The cover art from the game, Devotion.
Wikipedia

Devotion is an atmospheric, tense psychological thriller that's also one of the only games, if not the only game, ever effectively banned for political content.

That description makes it sound like it'd be about politics, and that's what I was expecting when I bought Devotion. What I got instead was a portrait of the slow psychological decay of a small family, as told through a series of interactive nightmares.

It turns out that the problem with Devotion amounted to a single misplaced art asset, but that was enough to get Devotion pulled from the international market for over two years.

Now, Devotion has returned on the last digital storefront that's available to it: self-publishing via developer Red Candle Games' website. For under $20, you can download a DRM-free copy of a cool indie horror game that's also, quite by accident, one of the most controversial games of the 2010s.

A Ghost Story, But You’re the Ghost

It's the late 1980s in Taipei, Taiwan. One evening, Du Feng Yu is watching TV in his apartment before dinner. He suddenly passes out, and when he wakes up, he's alone in an apartment that looks like it's been abandoned for years.

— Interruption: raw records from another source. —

(* Let $\mathcal{A}\in\mathbb{C}^{m\times m\times p}$ be a fixed Hermitian T-product tensor, let $\mathcal{X}\in\mathbb{C}^{m\times m\times p}$ be a random Hermitian T-product tensor with $\mathbb{E}\mathcal{X}=\mathcal{O}$, and let $\beta$ be a Rademacher random variable independent of $\mathcal{X}$. Then $$\mathbb{E}\,\mathrm{Tr}\,e^{\mathcal{A}+\mathcal{X}}\leq\mathbb{E}\,\mathrm{Tr}\,e^{\mathcal{A}+2\beta\mathcal{X}}.$$
   Context: For $\mathcal{A}\in\mathbb{C}^{m\times n\times p}$ with frontal slices $A^{(1)},\dots,A^{(p)}$, $\mathrm{bcirc}(\mathcal{A})\in\mathbb{C}^{mp\times np}$ is the block circulant matrix whose $(r,s)$ block is $A^{(((r-s)\bmod p)+1)}$. The T-product $\mathcal{A}\star\mathcal{B}$ is the tensor with $\mathrm{bcirc}(\mathcal{A}\star\mathcal{B})=\mathrm{bcirc}(\mathcal{A})\mathrm{bcirc}(\mathcal{B})$; powers are T-product powers and $e^{\mathcal{A}}=\sum_{k\ge0}\mathcal{A}^k/k!$ with $\mathcal{A}^0$ the identity tensor (first frontal slice $I_m$, other slices zero). The conjugate transpose $\mathcal{A}^{\mathrm H}$ is obtained by conjugate-transposing every frontal slice and reversing the order of slices $2,\dots,p$; $\mathcal{A}$ is Hermitian if $\mathcal{A}^{\mathrm H}=\mathcal{A}$. $\mathrm{Tr}(\mathcal{A})$ denotes the trace of $\mathrm{bcirc}(\mathcal{A})$ (equivalently $p$ times the trace of the first frontal slice). $\mathcal{O}$ is the zero tensor; expectation is entrywise. *)

theory Defs
  imports "HOL-Probability.Probability" "HOL-Library.Complex_Order"
begin

text \<open>A third-order tensor in C^{m x n x p} is represented by its entry function:
  T i j k is the (i,j) entry of the (k+1)-th frontal slice (0-based indices
  i < m, j < n, k < p). Entries outside this range are irrelevant.\<close>

type_synonym tensor = "nat \<Rightarrow> nat \<Rightarrow> nat \<Rightarrow> complex"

When Feng Yu tries to leave, the only working door in the exterior hallway leads him right back to his apartment. It's still empty, but now it's two years earlier, and everything is subtly wrong.

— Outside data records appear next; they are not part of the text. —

lemma card_detected_Diff_singleton_le:
  assumes "l < Suc b"
  shows "card ({i\<in>{..<Suc b}. fraud_rank a (Suc b) s0 s1 i \<le> n} - {l}) \<le> bp_detected n a b s0 (drop_sample l b s1)"
proof -
  let ?X = "{i\<in>{..<Suc b}. fraud_rank a (Suc b) s0 s1 i \<le> n}"
  let ?Y = "{i\<in>{..<b}. fraud_rank a b s0 (drop_sample l b s1) i \<le> n}"
  have "?X - {l} \<subseteq> skip l ` ?Y"
  proof
    fix i assume i: "i \<in> ?X - {l}"
    define i' where "i' = (if i < l then i else i - 1)"
    have "skip l i' = i" "i' < b"
      using i assms by (auto simp: skip_def i'_def)
    then show "i \<in> skip l ` ?Y"
      using fraud_rank_drop_sample_le[of i' b a s0 l s1] i by force
  qed
  then have "card (?X - {l}) \<le> card (skip l ` ?Y)"
    by (intro card_mono) auto
  also have "\<dots> \<le> card ?Y"
    by (rule card_image_le) auto
  finally show ?thesis
    unfolding bp_detected_def .
qed

text \<open>Deleting fraud l lowers no other fraud's rank, so all detected frauds except l stay
  detected; summing over l counts each detected fraud b times.\<close>

lemma bp_detected_Suc_le_sum_drop_sample:
  "real b * real (bp_detected n a (Suc b) s0 s1)
     \<le> (\<Sum>l<Suc b. real (bp_detected n a b s0 (drop_sample l b s1)))"
proof -
  let ?X = "{i\<in>{..<Suc b}. fraud_rank a (Suc b) s0 s1 i \<le> n}"
  have "real (card (?X - {l})) = real (card ?X) - (if l \<in> ?X then 1 else 0)" for l
  proof (cases "l \<in> ?X")
    case True
    have "finite ?X"
      by simp
    then have "1 \<le> card ?X"
      using True by (simp add: Suc_le_eq card_gt_0_iff) blast
    then show ?thesis
      using True by (simp add: card_Diff_singleton of_nat_diff)
  qed simp
  then have "(\<Sum>l<Suc b. real (card (?X - {l})))
      = real (Suc b) * real (card ?X) - (\<Sum>l<Suc b. if l \<in> ?X then 1 else 0)"
    by (simp add: sum_subtractf)
  also have "(\<Sum>l<Suc b. if l \<in> ?X then 1 else 0)
      = (\<Sum>l<Suc b. if fraud_rank a (Suc b) s0 s1 l \<le> n then 1 else (0::real))"
    by (intro sum.cong) auto
  also have "\<dots> = real (card ?X)"
    by (simp add: sum.inter_filter[symmetric] del: sum.lessThan_Suc)
  finally have "(\<Sum>l<Suc b. real (card (?X - {l}))) = real b * real (card ?X)"
    by (simp add: algebra_simps)
  moreover have "(\<Sum>l<Suc b. real (card (?X - {l}))) \<le> (\<Sum>l<Suc b. real (bp_detected n a b s0 (drop_sample l b s1)))"
    by (intro sum_mono of_nat_mono card_detected_Diff_singleton_le) auto
  ultimately show ?thesis
    unfolding bp_detected_def by simp
qed

context score_densities
begin

lemma measurable_fraud_rank:
  assumes "i < b"
  shows "(\<lambda>z. fraud_rank a b (fst z) (snd z) i) \<in> measurable (P0 a \<Otimes>\<^sub>M P1 b) (count_space UNIV)"
proof -
  have ahead: "(\<lambda>z. card {l\<in>{..<b}. snd z i < snd z l \<or> (snd z l = snd z i \<and> l < i)})
      \<in> measurable (P0 a \<Otimes>\<^sub>M P1 b) (count_space UNIV)"
  proof (rule measurable_card_filter[where P="\<lambda>l z. snd z i < snd z l \<or> (snd z l = snd z i \<and> l < i)"])
    fix l assume "l \<in> {..<b}"
    note [measurable] = measurable_snd_score[OF assms] measurable_snd_score[of l]
    show "Measurable.pred (P0 a \<Otimes>\<^sub>M P1 b) (\<lambda>z. snd z i < snd z l \<or> (snd z l = snd z i \<and> l < i))"
      using \<open>l \<in> {..<b}\<close> by measurable
  qed
  have "(\<lambda>z. card_above {..<a} (snd z i) (fst z)) \<in> measurable (P0 a \<Otimes>\<^sub>M P1 b) (count_space UNIV)"
    using assms by (intro measurable_card_above measurable_fst_score measurable_snd_score) auto
  then have below: "(\<lambda>z. card {j\<in>{..<a}. snd z i \<le> fst z j}) \<in> measurable (P0 a \<Otimes>\<^sub>M P1 b) (count_space UNIV)"
    unfolding card_above_def atLeast_iff .
  show ?thesis
    unfolding fraud_rank_def
  proof (rule measurable_compose_countable[OF _ below])
    fix c
    show "(\<lambda>z. 1 + c + card {l\<in>{..<b}. snd z i < snd z l \<or> (snd z l = snd z i \<and> l < i)})
        \<in> measurable (P0 a \<Otimes>\<^sub>M P1 b) (count_space UNIV)"
      by (rule measurable_compose_countable[OF _ ahead]) simp
  qed
qed

lemma measurable_bp_detected [measurable]:
  "(\<lambda>z. real (bp_detected n a b (fst z) (snd z))) \<in> borel_measurable (P0 a \<Otimes>\<^sub>M P1 b)"
proof -
  have "(\<lambda>z. bp_detected n a b (fst z) (snd z)) \<in> measurable (P0 a \<Otimes>\<^sub>M P1 b) (count_space UNIV)"
    unfolding bp_detected_def
  proof (rule measurable_card_filter[where P="\<lambda>i z. fraud_rank a b (fst z) (snd z) i \<le> n"])
    fix i assume "i \<in> {..<b}"
    then have "(\<lambda>z. fraud_rank a b (fst z) (snd z) i) \<in> measurable (P0 a \<Otimes>\<^sub>M P1 b) (count_space UNIV)"
      by (intro measurable_fraud_rank) simp
    then show "Measurable.pred (P0 a \<Otimes>\<^sub>M P1 b) (\<lambda>z. fraud_rank a b (fst z) (snd z) i \<le> n)"
      by measurable
  qed
  then show ?thesis
    by (rule measurable_compose) simp
qed

lemma measurable_drop_sample: "drop_sample l b \<in> measurable (P1 (Suc b)) (P1 b)"
  unfolding drop_sample_def
  by (intro measurable_restrict measurable_component_singleton) (auto simp: skip_def)

lemma distr_drop_sample:
  assumes "l < Suc b"
  shows "distr (P1 (Suc b)) (P1 b) (drop_sample l b) = P1 b"
proof -
  have "distr (P1 (Suc b)) (\<Pi>\<^sub>M i\<in>{..<b}. d1.M) (\<lambda>\<omega>. \<lambda>i\<in>{..<b}. \<omega> (skip l i))
      = (\<Pi>\<^sub>M i\<in>{..<b}. d1.M)"
  proof (rule distr_PiM_reindex)
    show "inj_on (skip l) {..<b}"
      using inj_skip inj_on_subset by blast
  qed (auto simp: skip_def d1.prob_space_axioms)
  then show ?thesis
    by (simp add: drop_sample_def[abs_def])
qed

lemma expected_detected_drop_sample:
  assumes "l < Suc b"
  shows "(\<integral>\<^sup>+z. ennreal (real (bp_detected n a b (fst z) (drop_sample l b (snd z)))) \<partial>(P0 a \<Otimes>\<^sub>M P1 (Suc b)))
       = expected_detected n a b"
proof -
  interpret p1: pair_prob_space "P0 a" "P1 (Suc b)"
    by (rule pair_prob_space_scores)
  interpret p2: pair_prob_space "P0 a" "P1 b"
    by (rule pair_prob_space_scores)
  have m: "(\<lambda>z. ennreal (real (bp_detected n a b (fst z) (snd z)))) \<in> borel_measurable (P0 a \<Otimes>\<^sub>M P1 b)"
    by measurable
  have mp: "(\<lambda>z. (fst z, drop_sample l b (snd z))) \<in> measurable (P0 a \<Otimes>\<^sub>M P1 (Suc b)) (P0 a \<Otimes>\<^sub>M P1 b)"
    by (intro measurable_Pair measurable_fst measurable_compose[OF measurable_snd measurable_drop_sample])
  have "(\<integral>\<^sup>+z. ennreal (real (bp_detected n a b (fst z) (drop_sample l b (snd z)))) \<partial>(P0 a \<Otimes>\<^sub>M P1 (Suc b)))
      = (\<integral>\<^sup>+s0. \<integral>\<^sup>+s1. ennreal (real (bp_detected n a b s0 (drop_sample l b s1))) \<partial>P1 (Suc b) \<partial>P0 a)"
    using p1.M2.nn_integral_fst[OF measurable_compose[OF mp m]] by simp
  also have "\<dots> = (\<integral>\<^sup>+s0. \<integral>\<^sup>+t. ennreal (real (bp_detected n a b s0 t)) \<partial>P1 b \<partial>P0 a)"
  proof (intro nn_integral_cong)
    fix s0 assume "s0 \<in> space (P0 a)"
    then have "(\<lambda>t. ennreal (real (bp_detected n a b s0 t))) \<in> borel_measurable (P1 b)"
      using measurable_Pair2[OF m] by simp
    then have "(\<integral>\<^sup>+t. ennreal (real (bp_detected n a b s0 t)) \<partial>distr (P1 (Suc b)) (P1 b) (drop_sample l b))
        = (\<integral>\<^sup>+s1. ennreal (real (bp_detected n a b s0 (drop_sample l b s1))) \<partial>P1 (Suc b))"
      using nn_integral_distr[OF measurable_drop_sample] by simp
    then show "(\<integral>\<^sup>+s1. ennreal (real (bp_detected n a b s0 (drop_sample l b s1))) \<partial>P1 (Suc b))
        = (\<integral>\<^sup>+t. ennreal (real (bp_detected n a b s0 t)) \<partial>P1 b)"
      by (simp only: distr_drop_sample[OF assms])
  qed
  also have "\<dots> = expected_detected n a b"
    unfolding expected_detected_def using p2.M2.nn_integral_fst[OF m] by simp
  finally show ?thesis .
qed

lemma expected_detected_Suc_le:
  "of_nat b * expected_detected n a (Suc b) \<le> of_nat (Suc b) * expected_detected n a b"
proof -
  have m: "(\<lambda>z. ennreal (real (bp_detected n a b (fst z) (drop_sample l b (snd z)))))
      \<in> borel_measurable (P0 a \<Otimes>\<^sub>M P1 (Suc b))" for l
  proof -
    have "(\<lambda>z. (fst z, drop_sample l b (snd z))) \<in> measurable (P0 a \<Otimes>\<^sub>M P1 (Suc b)) (P0 a \<Otimes>\<^sub>M P1 b)"
      by (intro measurable_Pair measurable_fst measurable_compose[OF measurable_snd measurable_drop_sample])
    from measurable_compose[OF this measurable_bp_detected[THEN measurable_compose[OF _ measurable_ennreal]]]
    show ?thesis
      by simp
  qed
  have "of_nat b * expected_detected n a (Suc b)
      = (\<integral>\<^sup>+z. ennreal (real b * real (bp_detected n a (Suc b) (fst z) (snd z))) \<partial>(P0 a \<Otimes>\<^sub>M P1 (Suc b)))"
    unfolding expected_detected_def
    by (subst nn_integral_cmult[symmetric]) (auto simp: ennreal_mult ennreal_of_nat_eq_real_of_nat)
  also have "\<dots> \<le> (\<integral>\<^sup>+z. (\<Sum>l<Suc b. ennreal (real (bp_detected n a b (fst z) (drop_sample l b (snd z)))))
                 \<partial>(P0 a \<Otimes>\<^sub>M P1 (Suc b)))"
  proof (intro nn_integral_mono)
    fix z
    have "ennreal (real b * real (bp_detected n a (Suc b) (fst z) (snd z)))
        \<le> ennreal (\<Sum>l<Suc b. real (bp_detected n a b (fst z) (drop_sample l b (snd z))))"
      by (intro ennreal_leI bp_detected_Suc_le_sum_drop_sample)
    then show "ennreal (real b * real (bp_detected n a (Suc b) (fst z) (snd z)))
        \<le> (\<Sum>l<Suc b. ennreal (real (bp_detected n a b (fst z) (drop_sample l b (snd z)))))"
      by (subst sum_ennreal) auto
  qed
  also have "\<dots> = (\<Sum>l<Suc b. \<integral>\<^sup>+z. ennreal (real (bp_detected n a b (fst z) (drop_sample l b (snd z))))
                 \<partial>(P0 a \<Otimes>\<^sub>M P1 (Suc b)))"
    using m by (intro nn_integral_sum) auto
  also have "\<dots> = (\<Sum>l<Suc b. expected_detected n a b)"
    by (intro sum.cong refl expected_detected_drop_sample) simp
  also have "\<dots> = of_nat (Suc b) * expected_detected n a b"
    by simp
  finally show ?thesis .
qed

The creepy doll scene from Devotion.

Devotion is a first-person adventure game in the spirit of "walking simulators" like Gone Home or What Remains of Edith Finch. Your first job, as Feng Yu, is to try and figure out what's going on; your second is to determine why. That involves exploration, searching for clues, and solving the occasional puzzle. There's no combat in Devotion, and I've yet to find a way to die, but every step forward comes with another plot twist.

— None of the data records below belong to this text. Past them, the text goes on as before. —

lemma three_edge_colouringD:
  assumes "three_edge_colouring G c"
  shows "e \<in> edges G \<Longrightarrow> c e < 3" and "v \<in> verts G \<Longrightarrow> inj_on (\<lambda>d. c (fst d)) (darts_at G v)"
  using assms by (simp_all add: three_edge_colouring_def)

lemma colours_at_vertex:
  assumes cub: "cubic G" and col: "three_edge_colouring G c" and v: "v \<in> verts G"
  shows "(\<lambda>d. c (fst d)) ` darts_at G v = {0, 1, 2}"
proof -
  have c3: "card (darts_at G v) = 3" using cub v by (simp add: cubic_def)
  have inj: "inj_on (\<lambda>d. c (fst d)) (darts_at G v)" using col v by (simp add: three_edge_colouring_def)
  have sub: "(\<lambda>d. c (fst d)) ` darts_at G v \<subseteq> {0, 1, 2}"
    using col by (auto simp: three_edge_colouring_def darts_at_def)
  have "card ((\<lambda>d. c (fst d)) ` darts_at G v) = 3" using card_image[OF inj] c3 by simp
  then show ?thesis using sub by (intro card_subset_eq) auto
qed

lemma perfect_matching_colour_class:
  assumes cub: "cubic G" and col: "three_edge_colouring G c" and j: "j < 3"
  shows "perfect_matching G {g \<in> edges G. c g = j}"
  unfolding perfect_matching_def
proof (intro conjI ballI)
  fix v assume v: "v \<in> verts G"
  have "j \<in> (\<lambda>d. c (fst d)) ` darts_at G v" using colours_at_vertex[OF cub col v] j by auto
  then obtain d0 where d0: "d0 \<in> darts_at G v" "c (fst d0) = j" by auto
  have inj: "inj_on (\<lambda>d. c (fst d)) (darts_at G v)" using col v by (simp add: three_edge_colouring_def)
  have "{d \<in> darts_at G v. fst d \<in> {g \<in> edges G. c g = j}} = {d0}"
  proof (rule set_eqI, rule iffI)
    fix d assume "d \<in> {d \<in> darts_at G v. fst d \<in> {g \<in> edges G. c g = j}}"
    then show "d \<in> {d0}" using d0 inj_onD[OF inj] by auto
  qed (use d0 dart_in_edges[OF d0(1)] in auto)
  then show "card {d \<in> darts_at G v. fst d \<in> {g \<in> edges G. c g = j}} = 1" by simp
qed auto

lemma even_card_verts_three_edge_colouring:
  assumes "wf_graph G" "cubic G" "three_edge_colouring G c"
  shows "even (card (verts G))"
proof -
  have "cut_edges G (verts G) = {}" using assms(1) by (auto simp: cut_edges_def wf_graph_def)
  then show ?thesis
    using even_card_matching_cut_iff[OF assms(1) perfect_matching_colour_class[OF assms(2,3)]]
    by (metis card.empty even_zero inf_bot_right order_refl zero_less_numeral)
qed

lemma perfect_matching_dart_unique:
  assumes "perfect_matching G M" "v \<in> verts G" "d1 \<in> darts_at G v" "d2 \<in> darts_at G v"
    "fst d1 \<in> M" "fst d2 \<in> M"
  shows "d1 = d2"
proof -
  have "card {d \<in> darts_at G v. fst d \<in> M} = 1" using assms by (simp add: perfect_matching_def)
  then obtain d0 where "{d \<in> darts_at G v. fst d \<in> M} = {d0}" by (rule card_1_singletonE)
  then show ?thesis using assms(3-6) by (metis (mono_tags, lifting) mem_Collect_eq singletonD)
qed

definition pm_cover :: "('v, 'e) mgraph \<Rightarrow> 'e set set \<Rightarrow> bool" where
  "pm_cover G S \<longleftrightarrow> finite S \<and> (\<forall>M\<in>S. perfect_matching G M) \<and> \<Union>S = edges G"

lemma pmi_le_card: "pm_cover G S \<Longrightarrow> pmi G \<le> enat (card S)"
  unfolding pmi_def pm_cover_def by (rule Inf_lower) auto

lemma pmi_attained:
  assumes "pmi G = enat n" shows "\<exists>S. pm_cover G S \<and> card S = n"
proof -
  define A where "A = {enat (card S) | S. finite S \<and> (\<forall>M\<in>S. perfect_matching G M) \<and> \<Union>S = edges G}"
  have pA: "pmi G = Inf A" by (simp add: pmi_def A_def)
  have "A \<noteq> {}" using assms pA by (auto simp: Inf_enat_def)
  then have "Inf A \<in> A" unfolding Inf_enat_def by (auto intro: LeastI)
  then show ?thesis using assms pA by (auto simp: A_def pm_cover_def)
qed

lemma pm_cover_colour_classes:
  assumes cub: "cubic G" and col: "three_edge_colouring G c"
  shows "pm_cover G ((\<lambda>j. {g \<in> edges G. c g = j}) ` {0, 1, 2})"
  unfolding pm_cover_def
proof (intro conjI ballI)
  show "\<Union>((\<lambda>j. {g \<in> edges G. c g = j}) ` {0, 1, 2}) = edges G"
    using col by (auto simp: three_edge_colouring_def less_Suc_eq numeral_3_eq_3)
qed (use perfect_matching_colour_class[OF cub col] in auto)

lemma three_edge_colourable_if_pm_cover:
  assumes cov: "pm_cover G S" and c3: "card S \<le> 3"
  shows "three_edge_colourable G"
proof -
  have finS: "finite S" using cov by (simp add: pm_cover_def)
  obtain \<nu> where nu: "\<nu> ` S \<subseteq> {..<3::nat}" "inj_on \<nu> S"
    using card_le_inj[OF finS, of "{..<3::nat}"] c3 by auto
  define M where "M g = (SOME M. M \<in> S \<and> g \<in> M)" for g
  have M: "M g \<in> S" "g \<in> M g" if "g \<in> edges G" for g
  proof -
    have "\<exists>M. M \<in> S \<and> g \<in> M" using cov that unfolding pm_cover_def by blast
    then show "M g \<in> S" "g \<in> M g" unfolding M_def by (metis (mono_tags, lifting) someI_ex)+
  qed
  have "three_edge_colouring G (\<nu> \<circ> M)" unfolding three_edge_colouring_def
  proof (intro conjI ballI)
    fix e assume "e \<in> edges G"
    then show "(\<nu> \<circ> M) e < 3" using nu(1) M by auto
  next
    fix v assume v: "v \<in> verts G"
    show "inj_on (\<lambda>d. (\<nu> \<circ> M) (fst d)) (darts_at G v)"
    proof (rule inj_onI)
      fix d1 d2 assume d: "d1 \<in> darts_at G v" "d2 \<in> darts_at G v"
        and eq: "(\<nu> \<circ> M) (fst d1) = (\<nu> \<circ> M) (fst d2)"
      have e: "fst d1 \<in> edges G" "fst d2 \<in> edges G" using d by (simp_all add: dart_in_edges)
      then have "M (fst d1) = M (fst d2)" using inj_onD[OF nu(2)] M eq by simp
      then have "fst d1 \<in> M (fst d1)" "fst d2 \<in> M (fst d1)" using M(2)[OF e(1)] M(2)[OF e(2)] by simp_all
      moreover have "perfect_matching G (M (fst d1))" using cov M e by (simp add: pm_cover_def)
      ultimately show "d1 = d2" using perfect_matching_dart_unique v d by metis
    qed
  qed
  then show ?thesis by (auto simp: three_edge_colourable_iff)
qed

lemma not_three_edge_colourable_iff_pmi_ge_4:
  assumes "cubic G"
  shows "\<not> three_edge_colourable G \<longleftrightarrow> 4 \<le> pmi G"
proof
  assume nc: "\<not> three_edge_colourable G"
  have "enat 4 \<le> pmi G" unfolding pmi_def
  proof (rule Inf_greatest, clarify)
    fix S assume "finite S" "\<forall>M\<in>S. perfect_matching G M" "\<Union>S = edges G"
    then have "pm_cover G S" by (simp add: pm_cover_def)
    then show "enat 4 \<le> enat (card S)" using three_edge_colourable_if_pm_cover nc by fastforce
  qed
  then show "4 \<le> pmi G" by (simp add: numeral_eq_enat)
next
  assume pmi: "4 \<le> pmi G"
  show "\<not> three_edge_colourable G"
  proof
    assume "three_edge_colourable G"
    then obtain c where "three_edge_colouring G c" by (auto simp: three_edge_colourable_iff)
    then have "pmi G \<le> enat (card ((\<lambda>j. {g \<in> edges G. c g = j}) ` {0, 1, 2::nat}))"
      using pm_cover_colour_classes assms pmi_le_card by blast
    also have "\<dots> \<le> enat 3" by (subst enat_ord_simps(1), rule order.trans[OF card_image_le]) auto
    finally have "enat 4 \<le> enat 3" using pmi by (metis numeral_eq_enat order_trans)
    then show False by simp
  qed
qed

lemma pm_cover_obtain_matchings:
  assumes wf: "wf_graph G" and cub: "cubic G" and cov: "pm_cover G S" and g: "g \<in> edges G"
  obtains M1 M2 M3 where "M1 \<in> S" "M2 \<in> S" "M3 \<in> S" "g \<in> M1" "g \<notin> M2" "g \<notin> M3" "M2 \<noteq> M3"
proof -
  have pm: "perfect_matching G M" if "M \<in> S" for M using cov that by (simp add: pm_cover_def)
  have covered: "\<exists>M\<in>S. h \<in> M" if "h \<in> edges G" for h using cov that by (auto simp: pm_cover_def)
  define x where "x = endp G g False"
  have x: "x \<in> verts G" using endp_in_verts[OF wf g] by (simp add: x_def)
  have gx: "(g, False) \<in> darts_at G x" using g by (simp add: x_def darts_at_def)
  have "card (darts_at G x - {(g, False)}) = 2" using cub x gx by (simp add: cubic_def)
  then obtain d2 d3 where d: "darts_at G x - {(g, False)} = {d2, d3}" "d2 \<noteq> d3"
    by (auto simp: card_2_iff)
  have avoid: "\<exists>M\<in>S. fst d \<in> M \<and> g \<notin> M" if "d \<in> {d2, d3}" for d
  proof -
    have dx: "d \<in> darts_at G x" "d \<noteq> (g, False)" using that d(1) by blast+
    have "fst d \<in> edges G" using dx(1) by (rule dart_in_edges)
    then obtain M where M: "M \<in> S" "fst d \<in> M" using covered by blast
    have "g \<notin> M"
      using perfect_matching_dart_unique[OF pm[OF M(1)] x dx(1) gx] M(2) dx(2) by auto
    then show ?thesis using M by blast
  qed
  obtain M2 where M2: "M2 \<in> S" "fst d2 \<in> M2" "g \<notin> M2" using avoid by blast
  obtain M3 where M3: "M3 \<in> S" "fst d3 \<in> M3" "g \<notin> M3" using avoid by blast
  have "M2 \<noteq> M3"
  proof
    assume "M2 = M3"
    moreover have "d2 \<in> darts_at G x" "d3 \<in> darts_at G x" using d(1) by blast+
    ultimately show False
      using perfect_matching_dart_unique[OF pm[OF M2(1)] x _ _ M2(2), of d3] M3(2) d(2) by simp
  qed
  obtain M1 where "M1 \<in> S" "g \<in> M1" using covered g by blast
  then show ?thesis using that M2 M3 \<open>M2 \<noteq> M3\<close> by simp
qed

section \<open>Inflating a vertex to a triangle\<close>

lemma inflate_simps [simp]:
  "verts (inflate G v f) = Inl ` (verts G - {v}) \<union> Inr ` {0, 1, 2}"
  "edges (inflate G v f) = Inl ` edges G \<union> Inr ` {0, 1, 2}"
  "endp (inflate G v f) (Inl e) b = (if endp G e b = v then Inr (f (e, b)) else Inl (endp G e b))"
  "endp (inflate G v f) (Inr i) b = Inr (if b then (i + 1) mod 3 else i)"
  by (simp_all add: inflate_def)

lemma wf_graph_inflate:
  assumes wf: "wf_graph G" and f: "f ` darts_at G v \<subseteq> {0, 1, 2}"
  shows "wf_graph (inflate G v f)"
  unfolding wf_graph_def
proof (intro conjI ballI allI)
  show "finite (verts (inflate G v f))" "finite (edges (inflate G v f))"
    using wf by (simp_all add: wf_graph_def)
  fix x b assume x: "x \<in> edges (inflate G v f)"
  show "endp (inflate G v f) x b \<in> verts (inflate G v f)"
  proof (cases x)
    case (Inl e)
    then have e: "e \<in> edges G" using x by auto
    show ?thesis
    proof (cases "endp G e b = v")
      case True
      then have "(e, b) \<in> darts_at G v" using e by (simp add: darts_at_def)
      then have "f (e, b) \<in> {0, 1, 2}" using f by blast
      then have "Inr (f (e, b)) \<in> verts (inflate G v f)" by (simp only: inflate_simps) blast
      then show ?thesis using Inl True by simp
    next
      case False
      then show ?thesis using Inl e wf by (simp add: wf_graph_def)
    qed
  next
    case (Inr i)
    then show ?thesis using x by auto
  qed
qed

definition lift_dart :: "'e \<times> bool \<Rightarrow> ('e + nat) \<times> bool" where
  "lift_dart d = (Inl (fst d), snd d)"

lemma inj_lift_dart: "inj lift_dart"
  by (auto simp: inj_on_def lift_dart_def prod_eq_iff)

lemma darts_at_inflate_Inl:
  fixes G :: "('v, 'e) mgraph"
  assumes "x \<noteq> v"
  shows "darts_at (inflate G v f) (Inl x) = lift_dart ` darts_at G x"
proof (rule set_eqI)
  fix d :: "('e + nat) \<times> bool"
  obtain y b where d: "d = (y, b)" by (cases d)
  show "d \<in> darts_at (inflate G v f) (Inl x) \<longleftrightarrow> d \<in> lift_dart ` darts_at G x"
    using assms unfolding d by (cases y) (auto simp: darts_at_def lift_dart_def image_iff)
qed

What keeps the game moving is that it's got a very narrow focus. The further you get into Devotion, the more often you end up right back in Feng Yu's apartment, which is a little more twisted every time you visit.

While the game isn't afraid to go for the cheap thrills, like ghosts jumping out at you or creepy dolls, its biggest triumph as a horror game is how it manages to make this unexciting little nicotine-colored flat into a vortex of dread. Each time I visited Feng Yu's apartment, Devotion found a brand new way to get under my skin.

The Million-Pound Banhammer

Devotion was made by Red Candle Games, an independent studio headquartered in Taipei. Like its previous title, Detention, Red Candle specifically set Devotion in Taiwan, drawing on local religion and folklore to sketch out the story. As it turned out, that was part of the problem.

A puzzle door in the Devotion Game.

After its original launch in February 2019, Devotion quickly became popular among players and streamers in China. That lasted for about a day, until one of them noticed a poster on a wall in the game that mocked Chinese President Xi Jinping.

Red Candle Games claimed that the poster was a placeholder asset left in by mistake, but a controversy had already begun. By the time the dust settled, Red Candle Games had lost its original publisher, and censors were scrubbing all mention of Devotion from Chinese social media.

I'd heard Devotion was good, but missed the two-day window to buy it back in 2019. Now, playing it via a direct download from Red Candle Games, I'm glad I got this second chance.

On its own merits, it's a well-made horror game, set in a part of the world that rarely gets any attention from the video game industry, and doesn't rely on gratuitous gore to freak you out.

In a perfect world, Devotion would've put Red Candle Games on the map, and it would be working on its next title by now. Instead, it's a historical curiosity, and I can only hope that it does well as a self-published title.